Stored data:
= = = = = = =
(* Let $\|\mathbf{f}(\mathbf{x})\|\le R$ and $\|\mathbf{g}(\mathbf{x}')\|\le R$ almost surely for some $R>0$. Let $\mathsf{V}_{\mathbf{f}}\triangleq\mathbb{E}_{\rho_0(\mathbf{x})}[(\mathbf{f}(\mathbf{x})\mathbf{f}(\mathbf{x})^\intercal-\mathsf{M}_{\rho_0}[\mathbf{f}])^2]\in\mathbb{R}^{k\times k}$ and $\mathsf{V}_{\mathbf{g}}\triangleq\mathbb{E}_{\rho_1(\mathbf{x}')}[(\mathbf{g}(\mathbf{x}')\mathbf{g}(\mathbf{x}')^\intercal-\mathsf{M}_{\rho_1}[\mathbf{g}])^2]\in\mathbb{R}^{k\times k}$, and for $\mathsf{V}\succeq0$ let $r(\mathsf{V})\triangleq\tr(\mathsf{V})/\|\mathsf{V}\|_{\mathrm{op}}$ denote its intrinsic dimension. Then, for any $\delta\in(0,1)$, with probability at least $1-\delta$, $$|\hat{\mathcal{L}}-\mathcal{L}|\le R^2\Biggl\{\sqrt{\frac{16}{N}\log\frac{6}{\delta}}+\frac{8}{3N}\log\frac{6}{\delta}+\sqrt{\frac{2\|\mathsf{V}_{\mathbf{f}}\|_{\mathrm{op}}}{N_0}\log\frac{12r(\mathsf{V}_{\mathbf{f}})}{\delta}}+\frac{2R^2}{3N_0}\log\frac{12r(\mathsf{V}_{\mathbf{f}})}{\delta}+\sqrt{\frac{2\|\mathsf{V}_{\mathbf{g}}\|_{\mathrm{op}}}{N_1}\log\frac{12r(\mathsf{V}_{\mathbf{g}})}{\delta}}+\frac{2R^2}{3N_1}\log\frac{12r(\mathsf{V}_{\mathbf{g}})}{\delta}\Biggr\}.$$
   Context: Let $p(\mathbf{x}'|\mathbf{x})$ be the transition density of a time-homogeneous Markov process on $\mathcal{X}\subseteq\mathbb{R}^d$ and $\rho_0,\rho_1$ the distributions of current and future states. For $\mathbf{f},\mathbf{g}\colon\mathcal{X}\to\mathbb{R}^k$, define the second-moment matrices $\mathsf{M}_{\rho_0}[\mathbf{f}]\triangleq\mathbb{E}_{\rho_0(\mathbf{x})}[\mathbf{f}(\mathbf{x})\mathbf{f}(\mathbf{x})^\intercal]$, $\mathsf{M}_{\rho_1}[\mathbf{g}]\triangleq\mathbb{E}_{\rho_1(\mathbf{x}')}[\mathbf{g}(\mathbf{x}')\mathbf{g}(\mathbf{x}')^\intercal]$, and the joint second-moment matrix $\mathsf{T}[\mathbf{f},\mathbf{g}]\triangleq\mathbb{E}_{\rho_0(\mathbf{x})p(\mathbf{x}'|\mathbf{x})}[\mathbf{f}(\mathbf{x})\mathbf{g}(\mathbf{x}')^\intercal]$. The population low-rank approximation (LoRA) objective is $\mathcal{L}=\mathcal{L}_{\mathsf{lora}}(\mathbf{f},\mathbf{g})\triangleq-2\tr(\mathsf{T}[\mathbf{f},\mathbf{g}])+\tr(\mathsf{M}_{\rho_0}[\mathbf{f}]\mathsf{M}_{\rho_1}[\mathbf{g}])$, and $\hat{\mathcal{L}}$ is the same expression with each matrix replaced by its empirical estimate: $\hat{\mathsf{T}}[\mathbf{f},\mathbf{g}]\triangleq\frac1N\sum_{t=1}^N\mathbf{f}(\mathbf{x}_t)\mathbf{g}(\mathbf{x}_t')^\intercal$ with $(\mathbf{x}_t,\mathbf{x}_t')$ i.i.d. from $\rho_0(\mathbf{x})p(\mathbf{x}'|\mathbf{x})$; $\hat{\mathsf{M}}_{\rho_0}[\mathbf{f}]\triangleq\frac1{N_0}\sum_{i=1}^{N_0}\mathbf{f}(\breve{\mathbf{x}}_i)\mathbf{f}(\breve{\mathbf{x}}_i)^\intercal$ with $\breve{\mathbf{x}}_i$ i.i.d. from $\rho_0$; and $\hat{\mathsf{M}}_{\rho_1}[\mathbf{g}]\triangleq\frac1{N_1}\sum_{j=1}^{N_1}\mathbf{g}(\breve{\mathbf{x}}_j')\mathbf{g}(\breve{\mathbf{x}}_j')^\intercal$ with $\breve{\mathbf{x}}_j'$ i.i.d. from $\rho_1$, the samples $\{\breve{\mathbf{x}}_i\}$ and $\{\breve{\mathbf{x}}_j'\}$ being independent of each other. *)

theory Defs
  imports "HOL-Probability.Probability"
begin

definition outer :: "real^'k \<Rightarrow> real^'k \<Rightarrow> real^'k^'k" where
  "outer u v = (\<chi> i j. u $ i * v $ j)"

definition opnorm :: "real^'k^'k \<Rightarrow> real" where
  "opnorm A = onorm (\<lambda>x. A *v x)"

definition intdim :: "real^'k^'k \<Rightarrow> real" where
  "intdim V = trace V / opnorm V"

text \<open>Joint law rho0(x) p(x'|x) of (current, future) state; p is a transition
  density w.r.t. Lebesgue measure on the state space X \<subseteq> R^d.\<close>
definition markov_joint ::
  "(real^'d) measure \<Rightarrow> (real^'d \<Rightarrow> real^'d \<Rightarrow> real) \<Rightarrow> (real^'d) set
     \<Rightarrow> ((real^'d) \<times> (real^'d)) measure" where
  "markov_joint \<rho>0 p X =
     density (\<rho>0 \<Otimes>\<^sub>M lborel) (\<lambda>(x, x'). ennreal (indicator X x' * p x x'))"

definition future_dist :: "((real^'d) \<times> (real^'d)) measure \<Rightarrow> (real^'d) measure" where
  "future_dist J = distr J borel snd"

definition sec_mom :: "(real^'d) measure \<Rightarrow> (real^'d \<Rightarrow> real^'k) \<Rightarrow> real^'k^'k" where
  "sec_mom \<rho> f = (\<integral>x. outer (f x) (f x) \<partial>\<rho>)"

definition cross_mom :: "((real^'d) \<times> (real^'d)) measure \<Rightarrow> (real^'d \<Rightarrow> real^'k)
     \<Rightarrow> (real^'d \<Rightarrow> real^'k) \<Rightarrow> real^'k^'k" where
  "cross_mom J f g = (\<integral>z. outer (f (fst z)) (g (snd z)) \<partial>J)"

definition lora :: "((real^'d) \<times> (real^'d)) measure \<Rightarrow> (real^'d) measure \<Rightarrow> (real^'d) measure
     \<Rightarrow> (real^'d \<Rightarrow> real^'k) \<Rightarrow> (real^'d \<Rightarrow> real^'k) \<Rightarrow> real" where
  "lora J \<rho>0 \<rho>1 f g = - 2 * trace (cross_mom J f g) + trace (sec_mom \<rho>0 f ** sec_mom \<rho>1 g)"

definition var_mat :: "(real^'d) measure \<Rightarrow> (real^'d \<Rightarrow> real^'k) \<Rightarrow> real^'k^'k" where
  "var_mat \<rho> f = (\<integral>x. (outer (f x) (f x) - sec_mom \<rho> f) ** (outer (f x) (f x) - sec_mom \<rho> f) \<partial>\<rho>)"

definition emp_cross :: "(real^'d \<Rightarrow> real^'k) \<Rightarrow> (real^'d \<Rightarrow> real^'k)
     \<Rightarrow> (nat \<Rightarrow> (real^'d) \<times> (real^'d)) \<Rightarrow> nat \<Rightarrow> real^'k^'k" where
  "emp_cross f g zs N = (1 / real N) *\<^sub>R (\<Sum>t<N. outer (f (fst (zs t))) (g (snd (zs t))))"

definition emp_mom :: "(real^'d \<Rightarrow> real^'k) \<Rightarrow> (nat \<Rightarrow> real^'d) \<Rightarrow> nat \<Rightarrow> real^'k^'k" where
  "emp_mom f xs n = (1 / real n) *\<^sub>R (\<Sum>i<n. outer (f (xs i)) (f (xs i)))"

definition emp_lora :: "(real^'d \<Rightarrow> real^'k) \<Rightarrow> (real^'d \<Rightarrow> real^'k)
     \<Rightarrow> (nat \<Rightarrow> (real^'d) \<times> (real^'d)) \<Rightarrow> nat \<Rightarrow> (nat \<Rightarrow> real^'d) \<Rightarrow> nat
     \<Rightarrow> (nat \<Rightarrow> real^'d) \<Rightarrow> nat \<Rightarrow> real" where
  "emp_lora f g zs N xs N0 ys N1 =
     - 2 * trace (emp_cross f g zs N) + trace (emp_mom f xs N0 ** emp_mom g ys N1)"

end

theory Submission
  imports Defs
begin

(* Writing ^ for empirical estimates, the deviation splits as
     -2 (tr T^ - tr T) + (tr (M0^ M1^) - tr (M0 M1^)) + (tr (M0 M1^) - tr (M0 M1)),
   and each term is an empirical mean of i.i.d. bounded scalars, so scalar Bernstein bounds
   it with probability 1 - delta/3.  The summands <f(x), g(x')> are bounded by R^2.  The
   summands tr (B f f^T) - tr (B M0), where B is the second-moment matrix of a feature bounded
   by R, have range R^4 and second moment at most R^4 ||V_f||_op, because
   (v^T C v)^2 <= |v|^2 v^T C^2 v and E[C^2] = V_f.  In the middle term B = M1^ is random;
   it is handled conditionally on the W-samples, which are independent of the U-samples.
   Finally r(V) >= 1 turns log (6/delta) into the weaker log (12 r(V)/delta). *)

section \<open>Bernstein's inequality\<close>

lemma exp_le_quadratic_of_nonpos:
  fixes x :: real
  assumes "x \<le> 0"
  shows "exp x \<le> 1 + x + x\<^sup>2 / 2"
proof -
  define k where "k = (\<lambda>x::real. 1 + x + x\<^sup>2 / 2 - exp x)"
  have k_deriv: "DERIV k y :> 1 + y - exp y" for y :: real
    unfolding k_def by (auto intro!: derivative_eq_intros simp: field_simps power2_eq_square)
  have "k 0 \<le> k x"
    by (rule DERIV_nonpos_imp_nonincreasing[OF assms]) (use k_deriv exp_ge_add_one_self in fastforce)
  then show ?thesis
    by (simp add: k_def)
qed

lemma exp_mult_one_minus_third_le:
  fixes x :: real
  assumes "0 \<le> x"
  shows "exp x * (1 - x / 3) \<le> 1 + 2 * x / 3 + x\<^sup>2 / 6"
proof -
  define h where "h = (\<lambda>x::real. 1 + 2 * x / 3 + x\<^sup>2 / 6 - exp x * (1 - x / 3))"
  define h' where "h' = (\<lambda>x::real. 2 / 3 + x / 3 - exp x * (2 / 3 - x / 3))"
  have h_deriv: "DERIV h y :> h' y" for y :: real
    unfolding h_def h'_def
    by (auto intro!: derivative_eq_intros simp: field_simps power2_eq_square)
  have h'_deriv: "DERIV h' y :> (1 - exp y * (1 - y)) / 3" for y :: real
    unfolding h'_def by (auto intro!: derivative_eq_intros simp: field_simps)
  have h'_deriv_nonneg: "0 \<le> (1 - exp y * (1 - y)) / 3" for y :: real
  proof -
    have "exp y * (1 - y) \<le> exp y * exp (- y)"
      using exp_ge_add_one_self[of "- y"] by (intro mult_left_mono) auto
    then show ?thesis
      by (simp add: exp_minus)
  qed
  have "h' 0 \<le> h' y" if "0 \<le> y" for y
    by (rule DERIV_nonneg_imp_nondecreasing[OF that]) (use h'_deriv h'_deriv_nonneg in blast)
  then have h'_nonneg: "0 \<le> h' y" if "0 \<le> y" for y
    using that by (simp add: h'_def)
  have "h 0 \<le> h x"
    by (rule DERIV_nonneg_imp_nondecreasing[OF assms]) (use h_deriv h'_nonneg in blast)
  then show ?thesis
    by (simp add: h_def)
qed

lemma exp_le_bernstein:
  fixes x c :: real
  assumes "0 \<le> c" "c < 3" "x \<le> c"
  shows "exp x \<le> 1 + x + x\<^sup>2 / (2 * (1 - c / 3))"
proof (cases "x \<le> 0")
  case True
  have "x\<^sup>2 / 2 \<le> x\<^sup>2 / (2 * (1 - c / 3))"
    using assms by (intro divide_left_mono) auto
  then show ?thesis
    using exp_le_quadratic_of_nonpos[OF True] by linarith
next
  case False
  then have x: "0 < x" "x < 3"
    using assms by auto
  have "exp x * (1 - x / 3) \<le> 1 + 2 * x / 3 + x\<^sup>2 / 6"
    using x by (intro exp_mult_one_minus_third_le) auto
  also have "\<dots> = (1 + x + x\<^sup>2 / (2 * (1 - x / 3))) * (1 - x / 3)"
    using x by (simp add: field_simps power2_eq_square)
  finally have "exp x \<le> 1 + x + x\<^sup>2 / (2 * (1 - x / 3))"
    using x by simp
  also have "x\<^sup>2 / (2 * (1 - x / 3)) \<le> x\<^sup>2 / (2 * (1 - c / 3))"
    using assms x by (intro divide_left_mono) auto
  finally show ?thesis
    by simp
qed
= = = = = = =
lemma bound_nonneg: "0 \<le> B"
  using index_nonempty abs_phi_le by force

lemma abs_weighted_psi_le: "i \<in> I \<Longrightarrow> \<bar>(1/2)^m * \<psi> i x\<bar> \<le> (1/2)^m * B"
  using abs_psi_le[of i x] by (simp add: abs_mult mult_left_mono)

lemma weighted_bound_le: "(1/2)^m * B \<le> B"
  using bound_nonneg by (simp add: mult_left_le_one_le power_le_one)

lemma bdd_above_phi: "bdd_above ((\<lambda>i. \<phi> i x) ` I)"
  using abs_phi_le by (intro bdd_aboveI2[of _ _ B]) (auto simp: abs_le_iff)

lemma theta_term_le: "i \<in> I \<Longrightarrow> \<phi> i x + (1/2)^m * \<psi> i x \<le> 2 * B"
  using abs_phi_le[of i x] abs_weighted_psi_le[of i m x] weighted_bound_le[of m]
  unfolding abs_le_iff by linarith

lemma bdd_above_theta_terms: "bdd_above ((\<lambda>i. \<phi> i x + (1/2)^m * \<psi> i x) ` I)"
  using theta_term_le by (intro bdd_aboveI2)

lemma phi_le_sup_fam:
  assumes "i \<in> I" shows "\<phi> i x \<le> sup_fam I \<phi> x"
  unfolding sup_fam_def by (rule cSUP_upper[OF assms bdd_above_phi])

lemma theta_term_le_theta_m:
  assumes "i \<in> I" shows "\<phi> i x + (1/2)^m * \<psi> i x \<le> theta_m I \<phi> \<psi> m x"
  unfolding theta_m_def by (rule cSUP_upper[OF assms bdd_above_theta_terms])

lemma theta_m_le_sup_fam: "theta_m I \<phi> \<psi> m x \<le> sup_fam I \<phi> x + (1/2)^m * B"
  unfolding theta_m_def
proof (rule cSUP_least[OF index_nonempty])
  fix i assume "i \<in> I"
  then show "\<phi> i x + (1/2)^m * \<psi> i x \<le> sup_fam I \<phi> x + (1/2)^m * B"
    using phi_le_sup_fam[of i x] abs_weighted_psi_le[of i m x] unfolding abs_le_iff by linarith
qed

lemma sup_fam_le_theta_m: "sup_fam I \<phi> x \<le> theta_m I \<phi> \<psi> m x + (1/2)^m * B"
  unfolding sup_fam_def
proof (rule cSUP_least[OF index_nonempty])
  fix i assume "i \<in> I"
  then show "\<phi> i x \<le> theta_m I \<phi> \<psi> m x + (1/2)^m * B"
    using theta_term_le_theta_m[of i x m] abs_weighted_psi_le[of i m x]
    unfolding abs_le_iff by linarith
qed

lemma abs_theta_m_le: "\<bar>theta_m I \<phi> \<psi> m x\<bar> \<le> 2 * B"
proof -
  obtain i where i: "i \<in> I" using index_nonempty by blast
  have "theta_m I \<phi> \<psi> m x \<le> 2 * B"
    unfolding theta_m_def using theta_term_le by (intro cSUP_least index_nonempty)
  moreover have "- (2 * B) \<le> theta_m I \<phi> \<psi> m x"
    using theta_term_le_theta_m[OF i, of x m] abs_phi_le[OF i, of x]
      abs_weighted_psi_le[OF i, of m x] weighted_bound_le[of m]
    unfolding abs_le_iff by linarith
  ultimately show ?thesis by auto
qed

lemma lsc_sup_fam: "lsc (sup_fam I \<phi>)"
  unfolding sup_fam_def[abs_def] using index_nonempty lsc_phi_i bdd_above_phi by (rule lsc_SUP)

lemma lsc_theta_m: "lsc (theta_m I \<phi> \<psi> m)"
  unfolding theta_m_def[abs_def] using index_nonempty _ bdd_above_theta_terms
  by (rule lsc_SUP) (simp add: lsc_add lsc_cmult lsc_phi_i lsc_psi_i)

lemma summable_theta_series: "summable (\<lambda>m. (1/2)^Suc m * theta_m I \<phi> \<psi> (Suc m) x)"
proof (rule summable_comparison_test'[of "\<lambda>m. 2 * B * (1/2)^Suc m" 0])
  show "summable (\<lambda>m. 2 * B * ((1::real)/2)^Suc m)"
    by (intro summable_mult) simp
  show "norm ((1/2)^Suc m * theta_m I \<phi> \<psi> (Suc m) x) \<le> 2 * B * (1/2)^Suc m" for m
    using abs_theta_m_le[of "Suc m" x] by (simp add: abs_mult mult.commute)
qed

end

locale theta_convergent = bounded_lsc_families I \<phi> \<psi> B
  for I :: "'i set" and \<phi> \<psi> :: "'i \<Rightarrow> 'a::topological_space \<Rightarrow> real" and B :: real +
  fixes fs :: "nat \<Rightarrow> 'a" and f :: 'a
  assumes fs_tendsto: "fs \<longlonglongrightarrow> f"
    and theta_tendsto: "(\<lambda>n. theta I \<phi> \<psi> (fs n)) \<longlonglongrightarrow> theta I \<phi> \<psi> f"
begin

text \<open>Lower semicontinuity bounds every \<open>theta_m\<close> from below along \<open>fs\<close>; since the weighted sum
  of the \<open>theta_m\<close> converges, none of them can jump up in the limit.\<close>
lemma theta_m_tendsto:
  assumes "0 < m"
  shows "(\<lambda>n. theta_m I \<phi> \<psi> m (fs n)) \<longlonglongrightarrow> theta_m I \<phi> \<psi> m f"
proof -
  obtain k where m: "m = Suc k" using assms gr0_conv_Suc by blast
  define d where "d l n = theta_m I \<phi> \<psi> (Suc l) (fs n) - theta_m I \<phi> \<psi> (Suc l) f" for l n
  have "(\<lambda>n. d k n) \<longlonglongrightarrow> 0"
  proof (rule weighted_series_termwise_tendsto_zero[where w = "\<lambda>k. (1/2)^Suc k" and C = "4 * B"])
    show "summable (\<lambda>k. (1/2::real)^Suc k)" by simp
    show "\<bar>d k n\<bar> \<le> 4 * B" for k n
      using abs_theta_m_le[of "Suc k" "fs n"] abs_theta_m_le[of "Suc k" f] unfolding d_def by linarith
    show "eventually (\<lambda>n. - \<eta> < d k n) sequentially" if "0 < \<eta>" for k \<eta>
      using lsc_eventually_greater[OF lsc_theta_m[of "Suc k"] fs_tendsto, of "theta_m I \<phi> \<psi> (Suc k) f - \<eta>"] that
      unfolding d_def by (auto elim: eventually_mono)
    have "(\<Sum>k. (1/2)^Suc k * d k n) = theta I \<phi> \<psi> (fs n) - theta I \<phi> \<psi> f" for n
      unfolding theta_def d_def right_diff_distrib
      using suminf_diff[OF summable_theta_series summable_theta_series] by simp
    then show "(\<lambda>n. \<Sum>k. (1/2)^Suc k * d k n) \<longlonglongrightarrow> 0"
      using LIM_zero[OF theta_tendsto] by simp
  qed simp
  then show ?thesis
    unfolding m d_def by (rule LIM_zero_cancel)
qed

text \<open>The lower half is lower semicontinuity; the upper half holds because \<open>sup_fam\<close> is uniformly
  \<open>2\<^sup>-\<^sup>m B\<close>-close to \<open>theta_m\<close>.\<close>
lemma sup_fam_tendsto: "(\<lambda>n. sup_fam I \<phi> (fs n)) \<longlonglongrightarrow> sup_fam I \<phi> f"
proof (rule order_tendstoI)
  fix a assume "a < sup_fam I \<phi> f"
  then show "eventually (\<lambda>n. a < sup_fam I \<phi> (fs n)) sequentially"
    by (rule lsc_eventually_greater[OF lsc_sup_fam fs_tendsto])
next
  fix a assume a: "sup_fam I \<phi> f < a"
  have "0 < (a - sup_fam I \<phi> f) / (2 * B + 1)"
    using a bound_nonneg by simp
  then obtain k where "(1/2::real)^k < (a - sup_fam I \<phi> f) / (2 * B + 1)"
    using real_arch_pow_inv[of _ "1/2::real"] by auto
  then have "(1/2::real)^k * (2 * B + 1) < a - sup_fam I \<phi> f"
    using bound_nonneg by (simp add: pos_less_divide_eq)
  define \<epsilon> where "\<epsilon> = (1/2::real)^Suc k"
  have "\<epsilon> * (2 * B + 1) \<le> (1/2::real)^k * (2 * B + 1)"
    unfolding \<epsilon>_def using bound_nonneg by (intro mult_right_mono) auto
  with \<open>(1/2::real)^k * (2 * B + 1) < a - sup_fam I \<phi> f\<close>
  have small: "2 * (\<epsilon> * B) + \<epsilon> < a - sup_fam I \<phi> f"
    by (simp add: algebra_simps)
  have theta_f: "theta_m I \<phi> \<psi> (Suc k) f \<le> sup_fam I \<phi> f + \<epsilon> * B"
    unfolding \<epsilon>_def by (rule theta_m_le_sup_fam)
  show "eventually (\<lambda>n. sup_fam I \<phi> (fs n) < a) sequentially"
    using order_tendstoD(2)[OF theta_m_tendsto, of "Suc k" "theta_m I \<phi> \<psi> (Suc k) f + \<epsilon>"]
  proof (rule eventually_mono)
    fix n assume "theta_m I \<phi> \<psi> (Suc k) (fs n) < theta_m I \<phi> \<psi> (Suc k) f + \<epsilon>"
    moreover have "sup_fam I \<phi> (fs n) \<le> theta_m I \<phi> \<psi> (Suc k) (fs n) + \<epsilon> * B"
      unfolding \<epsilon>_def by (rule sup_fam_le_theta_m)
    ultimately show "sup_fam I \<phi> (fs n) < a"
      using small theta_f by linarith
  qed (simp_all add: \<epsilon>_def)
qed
= = = = = = =
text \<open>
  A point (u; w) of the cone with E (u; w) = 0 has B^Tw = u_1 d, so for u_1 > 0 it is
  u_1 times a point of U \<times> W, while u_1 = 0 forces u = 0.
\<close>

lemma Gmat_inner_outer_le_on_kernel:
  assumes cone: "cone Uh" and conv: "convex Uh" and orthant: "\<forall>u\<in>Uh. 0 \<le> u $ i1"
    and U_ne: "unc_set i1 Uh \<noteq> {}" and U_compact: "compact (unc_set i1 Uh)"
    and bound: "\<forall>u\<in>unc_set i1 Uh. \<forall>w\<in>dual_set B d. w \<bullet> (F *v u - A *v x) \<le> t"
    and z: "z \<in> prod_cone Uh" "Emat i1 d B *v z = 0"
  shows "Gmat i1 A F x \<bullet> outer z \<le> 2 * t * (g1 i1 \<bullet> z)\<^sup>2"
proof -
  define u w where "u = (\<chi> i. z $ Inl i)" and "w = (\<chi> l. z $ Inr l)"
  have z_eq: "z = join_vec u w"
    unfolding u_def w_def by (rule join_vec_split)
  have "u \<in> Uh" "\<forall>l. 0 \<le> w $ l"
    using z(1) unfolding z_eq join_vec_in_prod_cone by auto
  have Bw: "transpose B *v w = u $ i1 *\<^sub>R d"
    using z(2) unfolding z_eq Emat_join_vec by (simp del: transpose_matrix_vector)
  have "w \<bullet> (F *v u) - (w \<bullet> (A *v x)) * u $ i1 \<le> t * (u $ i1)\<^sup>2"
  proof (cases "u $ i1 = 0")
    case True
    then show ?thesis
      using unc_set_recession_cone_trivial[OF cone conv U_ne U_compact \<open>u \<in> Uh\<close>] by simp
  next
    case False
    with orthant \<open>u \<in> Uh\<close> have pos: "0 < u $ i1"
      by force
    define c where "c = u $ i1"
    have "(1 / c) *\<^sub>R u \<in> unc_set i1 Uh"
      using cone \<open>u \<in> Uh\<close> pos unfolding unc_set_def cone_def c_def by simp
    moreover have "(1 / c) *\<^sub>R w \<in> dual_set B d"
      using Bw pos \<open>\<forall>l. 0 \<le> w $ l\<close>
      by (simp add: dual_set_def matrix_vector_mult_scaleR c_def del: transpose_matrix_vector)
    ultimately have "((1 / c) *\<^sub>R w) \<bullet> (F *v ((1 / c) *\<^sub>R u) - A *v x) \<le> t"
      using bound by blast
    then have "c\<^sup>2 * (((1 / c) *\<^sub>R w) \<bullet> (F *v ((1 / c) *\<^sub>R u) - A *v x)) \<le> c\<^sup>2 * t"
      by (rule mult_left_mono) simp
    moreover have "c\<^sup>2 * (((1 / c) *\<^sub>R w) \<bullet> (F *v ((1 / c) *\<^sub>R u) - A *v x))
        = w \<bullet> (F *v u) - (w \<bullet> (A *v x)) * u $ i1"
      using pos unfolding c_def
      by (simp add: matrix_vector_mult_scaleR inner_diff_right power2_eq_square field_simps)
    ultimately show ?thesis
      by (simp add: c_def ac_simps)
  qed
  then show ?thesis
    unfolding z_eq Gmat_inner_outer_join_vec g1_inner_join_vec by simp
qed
= = = = = = =
[REQUIRED WORK] All lines above between those holding "w \<in> dual_set" and "using pos unfolding c_def", inclusive, must be set down unchanged, and no other line may be included.

[EXERCISE RESPONSE]
    moreover have "(1 / c) *\<^sub>R w \<in> dual_set B d"
      using Bw pos \<open>\<forall>l. 0 \<le> w $ l\<close>
      by (simp add: dual_set_def matrix_vector_mult_scaleR c_def del: transpose_matrix_vector)
    ultimately have "((1 / c) *\<^sub>R w) \<bullet> (F *v ((1 / c) *\<^sub>R u) - A *v x) \<le> t"
      using bound by blast
    then have "c\<^sup>2 * (((1 / c) *\<^sub>R w) \<bullet> (F *v ((1 / c) *\<^sub>R u) - A *v x)) \<le> c\<^sup>2 * t"
      by (rule mult_left_mono) simp
    moreover have "c\<^sup>2 * (((1 / c) *\<^sub>R w) \<bullet> (F *v ((1 / c) *\<^sub>R u) - A *v x))
        = w \<bullet> (F *v u) - (w \<bullet> (A *v x)) * u $ i1"
      using pos unfolding c_def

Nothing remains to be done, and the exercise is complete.